Thawing America’s unchosen
Time will tell the full effect the C19 shutdown will have on the American economy. Here are the signals thus far.
NYC vacancies nearly triple
Apartment vacancies jumped from 1,750 during the last week of March to nearly 5,000 listings the week ending May 10, apartment listing website StreetEasy reported. NYC Mayor de Blasio expects the city to begin reopening in June.
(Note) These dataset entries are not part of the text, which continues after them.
(* Let $d \ge 1$ be an integer and let $k > 0$. Suppose a random vector $\boldsymbol{w} = (w_1,\ldots,w_d) \in \mathbb{R}^d$ is drawn from a $d$-variate spherically symmetric distribution $\mathcal{D}$. Then for any fixed $\boldsymbol{x}, \boldsymbol{y} \in \mathbb{R}^d$, $$\left|\sum_{i=1}^d w_i x_i - \sum_{i=1}^d w_i y_i\right| \geq k \sum_{i=1}^d |x_i - y_i|$$ holds with probability at least $P_{\boldsymbol{\gamma} \sim \mathcal{D}}\left(|\gamma_1| \geq k\sqrt{d}\right)$, where $\gamma_1$ denotes the first coordinate of $\boldsymbol{\gamma}$.
   Context: A probability distribution $\mathcal{D}$ on $\mathbb{R}^d$ is spherically symmetric if for every $d \times d$ orthogonal matrix $Q$, whenever $\boldsymbol{w} \sim \mathcal{D}$, the vector $Q\boldsymbol{w}$ also has distribution $\mathcal{D}$. *)

theory Defs
  imports "HOL-Analysis.Analysis" "HOL-Probability.Probability"
begin

definition spherically_symmetric :: "(real ^ 'n) measure \<Rightarrow> bool" where
  "spherically_symmetric D \<longleftrightarrow>
     (\<forall>Q :: real ^ 'n ^ 'n. orthogonal_matrix Q \<longrightarrow> distr D D (\<lambda>w. Q *v w) = D)"

end

theory Submission
  imports Defs
begin

text \<open>Rotating the unit vector \<open>u = (x - y) / \<parallel>x - y\<parallel>\<close> onto the \<open>i\<close>-th axis shows that under a
  spherically symmetric \<open>D\<close> the projection \<open>w \<bullet> u\<close> has the same law as the coordinate \<open>w $ i\<close>.
  So \<open>\<bar>w \<bullet> (x - y)\<bar> \<ge> k \<surd>d \<parallel>x - y\<parallel>\<close> has probability \<open>P(\<bar>\<gamma>\<^sub>i\<bar> \<ge> k \<surd>d)\<close>, and by Cauchy-Schwarz
  \<open>\<surd>d \<parallel>x - y\<parallel>\<close> dominates the \<open>\<ell>\<^sub>1\<close>-norm of \<open>x - y\<close>.\<close>

lemma sum_abs_le_sqrt_card_mul_norm:
  fixes v :: "real ^ 'n"
  shows "(\<Sum>i\<in>UNIV. \<bar>v $ i\<bar>) \<le> sqrt (real CARD('n)) * norm v"
proof -
  define a :: "real ^ 'n" where "a = (\<chi> i. \<bar>v $ i\<bar>)"
  define e :: "real ^ 'n" where "e = (\<chi> i. 1)"
  have "(\<Sum>i\<in>UNIV. \<bar>v $ i\<bar>) = a \<bullet> e" by (simp add: a_def e_def inner_vec_def)
  also have "\<dots> \<le> norm a * norm e" by (rule norm_cauchy_schwarz)
  also have "norm a = norm v" by (simp add: a_def norm_vec_def L2_set_def)
  also have "norm e = sqrt (real CARD('n))" by (simp add: e_def norm_vec_def L2_set_def)
  finally show ?thesis by (simp add: mult.commute)
qed

lemma orthogonal_matrix_with_row:
  fixes u :: "real ^ 'n"
  assumes "norm u = 1"
  obtains Q :: "real ^ 'n ^ 'n" where "orthogonal_matrix Q" "\<And>w. (Q *v w) $ i = w \<bullet> u"
proof -
  obtain f :: "real ^ 'n \<Rightarrow> real ^ 'n" where f: "orthogonal_transformation f" "f u = axis i 1"
    using orthogonal_transformation_exists[of u "axis i 1"] assms by auto
  have "linear f" using f(1) by (simp add: orthogonal_transformation)
  then have "(matrix f *v w) $ i = f w \<bullet> f u" for w by (simp add: matrix_works f(2) inner_axis)
  also have "f w \<bullet> f u = w \<bullet> u" for w using f(1) by (simp add: orthogonal_transformation_def)
  finally show ?thesis using that orthogonal_transformation_matrix f(1) by blast
qed

lemma spherically_symmetric_distr_inner_unit:
  fixes D :: "(real ^ 'n) measure"
  assumes "sets D = sets borel" "spherically_symmetric D" "norm u = 1"
  shows "distr D borel (\<lambda>w. w \<bullet> u) = distr D borel (\<lambda>w. w $ i)"
proof -
  obtain Q where Q: "orthogonal_matrix Q" "\<And>w. (Q *v w) $ i = w \<bullet> u"
    using orthogonal_matrix_with_row[OF assms(3)] by blast
  have rotation: "(\<lambda>w. Q *v w) \<in> measurable D D"
    using measurable_cong_sets[OF assms(1) assms(1)]
    by (simp add: linear_continuous_on matrix_vector_mul_linear borel_measurable_continuous_onI)
  have coordinate: "(\<lambda>w. w $ i) \<in> borel_measurable D"
    unfolding measurable_cong_sets[OF assms(1) refl]
    by (intro borel_measurable_continuous_onI continuous_intros)
  have "distr D borel (\<lambda>w. w $ i) = distr (distr D D (\<lambda>w. Q *v w)) borel (\<lambda>w. w $ i)"
    using assms(2) Q(1) unfolding spherically_symmetric_def by simp
  also have "\<dots> = distr D borel ((\<lambda>w. w $ i) \<circ> (\<lambda>w. Q *v w))"
    by (rule distr_distr[OF coordinate rotation])
  finally show ?thesis by (simp add: comp_def Q(2))
qed

lemma spherically_symmetric_measure_inner_unit:
  fixes D :: "(real ^ 'n) measure"
  assumes "sets D = sets borel" "spherically_symmetric D" "norm u = 1" "S \<in> sets borel"
  shows "measure D {w. w \<bullet> u \<in> S} = measure D {w. w $ i \<in> S}"
proof -
  have space: "space D = UNIV" using sets_eq_imp_space_eq[OF assms(1)] by simp
  have "f \<in> borel_measurable D \<Longrightarrow> measure D {w. f w \<in> S} = measure (distr D borel f) S"
    for f :: "real ^ 'n \<Rightarrow> real"
    using measure_distr[of f D borel S] assms(4) space by (simp add: vimage_def)
  moreover have "(\<lambda>w. w \<bullet> u) \<in> borel_measurable D" "(\<lambda>w. w $ i) \<in> borel_measurable D"
    unfolding measurable_cong_sets[OF assms(1) refl]
    by (intro borel_measurable_continuous_onI continuous_intros)+
  ultimately show ?thesis
    using spherically_symmetric_distr_inner_unit[OF assms(1-3), of i] by simp
qed

lemma l1_bound_from_unit_direction:
  fixes v w :: "real ^ 'n"
  assumes "v \<noteq> 0" "k \<ge> 0" "k * sqrt (real CARD('n)) \<le> \<bar>w \<bullet> (v /\<^sub>R norm v)\<bar>"
  shows "k * (\<Sum>i\<in>UNIV. \<bar>v $ i\<bar>) \<le> \<bar>w \<bullet> v\<bar>"
proof -
  have "k * (\<Sum>i\<in>UNIV. \<bar>v $ i\<bar>) \<le> k * sqrt (real CARD('n)) * norm v"
    using sum_abs_le_sqrt_card_mul_norm[of v] assms(2) by (metis mult.assoc mult_left_mono)
  also have "\<dots> \<le> \<bar>w \<bullet> (v /\<^sub>R norm v)\<bar> * norm v"
    using assms(3) by (simp add: mult_right_mono)
  also have "\<dots> = \<bar>w \<bullet> v\<bar>" using assms(1) by (simp add: abs_mult)
  finally show ?thesis .
qed

theorem theorem1:
  fixes D :: "(real ^ 'n) measure"
    and k :: real
    and x y :: "real ^ 'n"
    and i1 :: 'n
  assumes "prob_space D"
    and "sets D = sets borel"
    and "spherically_symmetric D"
    and "k > 0"
  shows "measure D {w. \<bar>(\<Sum>i\<in>UNIV. w $ i * x $ i) - (\<Sum>i\<in>UNIV. w $ i * y $ i)\<bar>
                        \<ge> k * (\<Sum>i\<in>UNIV. \<bar>x $ i - y $ i\<bar>)}
         \<ge> measure D {g. \<bar>g $ i1\<bar> \<ge> k * sqrt (real CARD('n))}"
proof -
  interpret prob_space D by fact
  define v where "v = x - y"
  define c where "c = k * sqrt (real CARD('n))"
  let ?T = "{w. k * (\<Sum>i\<in>UNIV. \<bar>v $ i\<bar>) \<le> \<bar>w \<bullet> v\<bar>}"
  have "{w. \<bar>(\<Sum>i\<in>UNIV. w $ i * x $ i) - (\<Sum>i\<in>UNIV. w $ i * y $ i)\<bar>
            \<ge> k * (\<Sum>i\<in>UNIV. \<bar>x $ i - y $ i\<bar>)} = ?T"
    by (simp add: v_def inner_vec_def sum_subtractf[symmetric] algebra_simps)
  moreover have T_sets: "?T \<in> sets D"
    unfolding assms(2) by (intro borel_closed closed_Collect_le continuous_intros)
  moreover have "measure D {g. c \<le> \<bar>g $ i1\<bar>} \<le> measure D ?T"
  proof (cases "v = 0")
    case True
    then have "?T = space D" using sets_eq_imp_space_eq[OF assms(2)] by simp
    then show ?thesis using prob_le_1 prob_space by simp
  next
    case False
    have "norm (v /\<^sub>R norm v) = 1" using False by simp
    moreover have "{t :: real. c \<le> \<bar>t\<bar>} \<in> sets borel"
      by (intro borel_closed closed_Collect_le continuous_intros)
    ultimately have "measure D {g. c \<le> \<bar>g $ i1\<bar>} = measure D {w. c \<le> \<bar>w \<bullet> (v /\<^sub>R norm v)\<bar>}"
      using spherically_symmetric_measure_inner_unit[OF assms(2,3), of "v /\<^sub>R norm v" "{t. c \<le> \<bar>t\<bar>}" i1]
      by (simp only: mem_Collect_eq)
    also have "\<dots> \<le> measure D ?T"
      using l1_bound_from_unit_direction[OF False] assms(4) T_sets unfolding c_def
      by (intro finite_measure_mono) auto
    finally show ?thesis .
  qed
  ultimately show ?thesis unfolding c_def by simp
qed

end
14.7% U.S. unemployment rate in April
Over 20% Unemployment in Nevada, Hawaii and Michigan
It’s taken only 2 months to surpass the economic fall of the Great Recession
Since the first stay-at-home orders began, the ensuing downturn has surpassed the Great Recession that spanned 18 months between 2007 and 2009.
Oil benchmark boomerangs
In April, West Texas Intermediate—the U.S. oil benchmark—plunged below zero for the first time on record. May, however, could be WTI’s best month ever, dating back to its inception in 1983—an astonishing turnaround month-on-month.
NASDAQ jumps back
After the worst quarter of economic growth in memory, Nasdaq closed in the second week of May having nearly erased its calendar-year losses. The Dow Jones Industrial Average and S&P 500 remain down for the year, but have increased by about 25 percent since their March low.
Furloughs: 3.4 million
Over 20 million workers lost their jobs in April, up from 3.9 million in March. Many of these are temporary. Permanent job losses increased by around 500,000, to 2 million. The CBO projects that unemployment will fall to 11.7 percent by the end of the year.
The year ahead:
- US GDP Q2 -39.6%
- Y/Y size reduction in US economy by end of 2020 -5.6%
- US GDP Q3 23.5%
- First project of positive annual growth 2021
- US GDP Q4 10.5%
- The longer the economy remains even partially closed, the more employers will go bankrupt or shrink their workforces.